text \<open>\<open>I1\<close> contains the binomials without \<open>k\<close>-shift and the generators
  \<open>y\<^sub>i\<^sup>D - x\<^bsup>c_vec i\<^esup>\<close> with \<open>n + i \<noteq> k\<close>; \<open>I2\<close> must contain the remaining generator and
  \<open>x\<^bsup>wp\<^esup> - x\<^bsup>wm\<^esup>\<close>.\<close>

lemma toric_ideal_eq_radical_sum_with_rows:
  fixes l :: "nat \<Rightarrow> int" and k :: nat
  defines "I1 \<equiv> toric_ideal TYPE('a::field) (n + r) (with_row A n (coord_row k))"
    and "I2 \<equiv> toric_ideal TYPE('a) (n + r) (with_row A n l)"
  assumes k: "n \<le> k"
    and g: "0 < g" "shift_pair k g wp wm"
    and minimal: "\<And>g' p q. shift_pair k g' p q \<Longrightarrow> 0 < g' \<Longrightarrow> g \<le> g'"
    and l_w: "row_val l wp = row_val l wm"
    and l_y: "\<And>i. i < r \<Longrightarrow> n + i = k \<Longrightarrow> row_val l (single (n + i) D) = row_val l (c_vec i)"
  shows "toric_ideal TYPE('a) (n + r) A = rad TYPE('a) (n + r) (ideal_sum I1 I2)"
proof -
  let ?J = "ideal_sum I1 I2"
  have I: "ideal_in (poly_ring TYPE('a) (n + r)) I1" "ideal_in (poly_ring TYPE('a) (n + r)) I2"
    unfolding I1_def I2_def by (simp_all add: ideal_in_toric_ideal)
  then have J: "ideal_in (poly_ring TYPE('a) (n + r)) ?J"
    by (intro ideal_in_ideal_sum subring_poly_ring)
  have I1_J: "I1 \<subseteq> ?J" and I2_J: "I2 \<subseteq> ?J"
    by (rule subset_ideal_sum_left[OF I(2)], rule subset_ideal_sum_right[OF I(1)])
  have J_sub: "?J \<subseteq> toric_ideal TYPE('a) (n + r) A"
    unfolding I1_def I2_def
    by (intro ideal_sum_subset[OF ideal_in_toric_ideal] toric_ideal_with_row_subset lookup_A_ge) simp_all
  have "monom (single (n + i) D) - monom (c_vec i) \<in> ?J" if "i < r" for i
    using y_pow_binomial_in_coord_row[OF that k] y_pow_binomial_in_with_row[OF that l_y[OF that]]
      I1_J I2_J unfolding I1_def I2_def by (cases "n + i = k") auto
  with J interpret saturation n r d a ?J
    by unfold_locales simp_all
  have no_shift: "monom p - monom q \<in> ?J" if "shift_pair k 0 p q" for p q
    using that I1_J unfolding I1_def shift_pair_def
    by (auto intro!: binomial_in_toric_ideal_with_row[OF lookup_A_ge] simp: row_val_coord_row)
  have w_J: "monom wp - monom wm \<in> ?J"
    using g(2) l_w I2_J unfolding I2_def shift_pair_def
    by (auto intro!: binomial_in_toric_ideal_with_row[OF lookup_A_ge])
  have "sat_equiv u v"
    if "u \<in> exponents (n + r)" "v \<in> exponents (n + r)" "cfg_exp A u = cfg_exp A v" for u v
    by (rule sat_equiv_if_minimal_shift[OF no_shift g w_J minimal that])
  then show ?thesis
    by (rule toric_ideal_eq_radical[OF J_sub])
qed

lemma radical_splittable_A:
  assumes n: "0 < n" and r: "3 \<le> r"
  shows "radical_splittable TYPE('a::field) (n + r) A"
proof -
  define k where "k = n + (r - 1)"
  obtain g wp wm where g: "0 < g" "shift_pair k g wp wm"
    and minimal: "\<And>g' p q. shift_pair k g' p q \<Longrightarrow> 0 < g' \<Longrightarrow> g \<le> g'"
    using minimal_shift_exists[of "r - 1", folded k_def] r by auto
  obtain l0 l1 :: int where l_nz: "l0 \<noteq> 0 \<or> l1 \<noteq> 0" and orth:
    "l0 * (int (lookup wp n) - int (lookup wm n)) + l1 * (int (lookup wp (n + 1)) - int (lookup wm (n + 1))) = 0"
    using exists_nonzero_orthogonal by blast
  define l_pair where "l_pair = (\<lambda>j. (if j = n then l0 else 0) + (if j = n + 1 then l1 else 0))"
  have row_pair: "row_val l_pair u = l0 * int (lookup u n) + l1 * int (lookup u (n + 1))" for u
    unfolding l_pair_def by (simp add: row_val_plus row_val_point)
  have "toric_ideal TYPE('a) (n + r) A
      = rad TYPE('a) (n + r) (ideal_sum (toric_ideal TYPE('a) (n + r) (with_row A n (coord_row k)))
          (toric_ideal TYPE('a) (n + r) (with_row A n l_pair)))"
    by (rule toric_ideal_eq_radical_sum_with_rows[OF _ g minimal])
      (use orth r in \<open>auto simp: k_def row_pair lookup_single when_def lookup_c_vec algebra_simps\<close>)
  moreover have "toric_ideal TYPE('a) (n + r) (with_row A n (coord_row k)) \<noteq> toric_ideal TYPE('a) (n + r) A"
    using r D_pos unfolding k_def
    by (intro toric_ideal_with_row_neq_y_pow[of "r - 1"]) (simp_all add: row_val_coord_row lookup_c_vec)
  moreover obtain i :: nat where i: "i < 2" "(if i = 0 then l0 else l1) \<noteq> 0"
    using l_nz that[of 0] that[of 1] by force
  then have "toric_ideal TYPE('a) (n + r) (with_row A n l_pair) \<noteq> toric_ideal TYPE('a) (n + r) A"
    using r D_pos by (intro toric_ideal_with_row_neq_y_pow[of i])
      (auto simp: row_pair lookup_single when_def lookup_c_vec split: if_splits)
  ultimately show ?thesis
    unfolding radical_splittable_def
    using pointed_config_with_row[OF pointed_config_A[OF n] lookup_A_ge] by blast
qed

end

theorem proposition2p8:
  fixes n r :: nat and d :: "nat \<Rightarrow> nat" and a :: "nat \<Rightarrow> nat \<Rightarrow> nat"
  assumes "n \<ge> 1" and "r \<ge> 3"
    and "\<forall>j<n. d j > 0"
    and "\<forall>i<r. \<forall>j<n. a i j > 0"
  shows "radical_splittable TYPE('a::field) (n + r) (simplicial_config n r d a)"
proof -
  interpret simplicial n r d a
    using assms(3,4) by unfold_locales auto
  show ?thesis
    using assms(1,2) by (intro radical_splittable_A) auto
qed

end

> **GOAL OF THE EXERCISE**
Copy the stretch of the records above that runs from the line with "using exists_nonzero_orthogonal by blast" through the line with "n l_pair) \<noteq>". Both end lines belong in the copy, and nothing else does.

> **FINISHED EXERCISE**
    using exists_nonzero_orthogonal by blast
  define l_pair where "l_pair = (\<lambda>j. (if j = n then l0 else 0) + (if j = n + 1 then l1 else 0))"
  have row_pair: "row_val l_pair u = l0 * int (lookup u n) + l1 * int (lookup u (n + 1))" for u
    unfolding l_pair_def by (simp add: row_val_plus row_val_point)
  have "toric_ideal TYPE('a) (n + r) A
      = rad TYPE('a) (n + r) (ideal_sum (toric_ideal TYPE('a) (n + r) (with_row A n (coord_row k)))
          (toric_ideal TYPE('a) (n + r) (with_row A n l_pair)))"
    by (rule toric_ideal_eq_radical_sum_with_rows[OF _ g minimal])
      (use orth r in \<open>auto simp: k_def row_pair lookup_single when_def lookup_c_vec algebra_simps\<close>)
  moreover have "toric_ideal TYPE('a) (n + r) (with_row A n (coord_row k)) \<noteq> toric_ideal TYPE('a) (n + r) A"
    using r D_pos unfolding k_def
    by (intro toric_ideal_with_row_neq_y_pow[of "r - 1"]) (simp_all add: row_val_coord_row lookup_c_vec)
  moreover obtain i :: nat where i: "i < 2" "(if i = 0 then l0 else l1) \<noteq> 0"
    using l_nz that[of 0] that[of 1] by force
  then have "toric_ideal TYPE('a) (n + r) (with_row A n l_pair) \<noteq> toric_ideal TYPE('a) (n + r) A"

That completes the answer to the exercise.